(* Consider a PWA system, as defined in the context, satisfying (A1)–(A4) with known global dynamical relative degree $\mu\ge1$. Then the inverse system with $u_k$ as output is given by the implicit, anticausal system $$x_{k+1}=\overline{\mathbf{A}}_k x_k+\overline{\mathbf{B}}_k y_{k+\mu}+\overline{\mathbf{F}}_k-\mathbf{B}_k\mathcal{D}_k^{-1}\Psi_k(u_{k+1},\dots,u_{k+\mu-1}),$$ $$u_k=\overline{\mathbf{C}}_k x_k+\overline{\mathbf{D}}_k y_{k+\mu}+\overline{\mathbf{G}}_k-\mathcal{D}_k^{-1}\Psi_k(u_{k+1},\dots,u_{k+\mu-1}),$$ where $\overline{\mathbf{D}}_k=\mathcal{D}_k^{-1}$, $\overline{\mathbf{C}}_k=-\overline{\mathbf{D}}_k\mathcal{C}_k$, $\overline{\mathbf{G}}_k=-\overline{\mathbf{D}}_k\mathcal{G}_k$, $\overline{\mathbf{A}}_k=\mathbf{A}_k+\mathbf{B}_k\overline{\mathbf{C}}_k$, $\overline{\mathbf{B}}_k=\mathbf{B}_k\overline{\mathbf{D}}_k$, $\overline{\mathbf{F}}_k=\mathbf{F}_k+\mathbf{B}_k\overline{\mathbf{G}}_k$, and $\mathcal{C}_k=\mathbf{C}_{k+\mu}\prod_{m=0}^{\mu-1}\mathbf{A}_{k+m}$, $\mathcal{D}_k=\mathbf{C}_{k+\mu}\big(\prod_{m=1}^{\mu-1}\mathbf{A}_{k+m}\big)\mathbf{B}_k$, $\mathcal{G}_k=\mathbf{C}_{k+\mu}\sum_{s=0}^{\mu-1}\big(\prod_{m=s+1}^{\mu-1}\mathbf{A}_{k+m}\big)\mathbf{F}_{k+s}+\mathbf{G}_{k+\mu}$, $\Psi_k(u_{k+1},\dots,u_{k+\mu-1})=\mathbf{C}_{k+\mu}\sum_{s=1}^{\mu-1}\big(\prod_{m=s+1}^{\mu-1}\mathbf{A}_{k+m}\big)\mathbf{B}_{k+s}u_{k+s}$ (products ordered with largest index $m$ on the left, empty products equal to the identity, empty sums equal to $0$). In general this inverse is implicit: there exist such systems for which the equation for $y_{k+\mu}$ does not have a unique solution $u_k$, so no explicit formula for $u_k$ exists.
   Context: A discrete-time piecewise affine (PWA) system is $x_{k+1}=\mathbf{A}_k x_k+\mathbf{B}_k u_k+\mathbf{F}_k$, $y_k=\mathbf{C}_k x_k+\mathbf{D}_k u_k+\mathbf{G}_k$, $k\in\mathbb{Z}$, with state $x_k\in\mathbb{R}^{n_x}$, input $u_k\in\mathbb{R}^{n_u}$, output $y_k\in\mathbb{R}^{n_y}$. For each $M\in\{A,B,F,C,D,G\}$, $\mathbf{M}_k=\sum_{q=1}^{|Q|} M_{q,k}K_q(\delta_k)$, where the $M_{q,k}$ are real matrices (possibly time-varying), $\delta_k=\delta(x_k)=H(Px_k-\theta)$ with $H$ the elementwise Heaviside step function, $P\in\mathbb{R}^{n_P\times n_x}$, $\theta\in\mathbb{R}^{n_P}$, and $K_q(\delta)=1$ if $\delta\in\Delta^*_q$ and $0$ otherwise ($\Delta^*_q$ a set of binary vectors). The locations $Q_q=\{x:\delta(x)\in\Delta^*_q\}$ are disjoint, have union $\mathbb{R}^{n_x}$, and each is a union of disjoint convex polytopes. Note that $\mathbf{M}_{k+m}$ depends on $x_{k+m}$, which for $m\ge1$ depends on $u_k$. The $q$-th component model is the affine system with matrices $A_{q,k},\dots,G_{q,k}$ and relative degree $\mu_q$ (number of time steps for an input value to influence the output). Global dynamical relative degree: the smallest integer $\mu\ge 0$ such that the explicit expression of $y_{k+\mu}$ in terms of the component matrices, the selector functions $K_q$, $x_k$ and $u_i$ ($i\ge k$) contains $u_k$ outside of a selector function for every switching sequence on time steps $k,\dots,k+\mu$. Assumptions: (A1) $x_0$ lies in the set of initial conditions from which every location is reachable in finite time; (A2) single-input single-output; (A3) switching depends only on the state, not the input; (A4) all component models have the same relative degree $\mu_c$ for all $q$ and $k$. A system is anticausal if computing the current output requires future input values. *)

theory Defs
  imports "HOL-Analysis.Analysis"
begin

text \<open>Data of a PWA system with location type 'q (finite), state space real^'n,
 n_P hyperplanes indexed by 'p:
  A :: 'q \<Rightarrow> int \<Rightarrow> real^'n^'n   (A_{q,k})
  B :: 'q \<Rightarrow> int \<Rightarrow> real^'n       (B_{q,k}, a column, since n_u = 1)
  F :: 'q \<Rightarrow> int \<Rightarrow> real^'n       (F_{q,k})
  C :: 'q \<Rightarrow> int \<Rightarrow> real^'n       (C_{q,k}, a row, since n_y = 1; C x = C \<bullet> x)
  D :: 'q \<Rightarrow> int \<Rightarrow> real          (D_{q,k})
  G :: 'q \<Rightarrow> int \<Rightarrow> real          (G_{q,k})
  P :: real^'n^'p, \<theta> :: real^'p, \<Delta> :: 'q \<Rightarrow> (real^'p) set  (the sets \<Delta>*_q).\<close>

definition heav :: "real^'p \<Rightarrow> real^'p" where
  "heav v = (\<chi> i. if v $ i \<ge> 0 then 1 else 0)"

definition delta :: "real^'n^'p \<Rightarrow> real^'p \<Rightarrow> real^'n \<Rightarrow> real^'p" where
  "delta P \<theta> x = heav (P *v x - \<theta>)"

definition Ksel :: "('q \<Rightarrow> (real^'p) set) \<Rightarrow> real^'n^'p \<Rightarrow> real^'p \<Rightarrow> 'q \<Rightarrow> real^'n \<Rightarrow> real" where
  "Ksel \<Delta> P \<theta> q x = (if delta P \<theta> x \<in> \<Delta> q then 1 else 0)"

#####

▶ _Exercise brief_
Only a number is wanted here: the count of lines in the listing above holding the string "else".

▶ _Your response_
2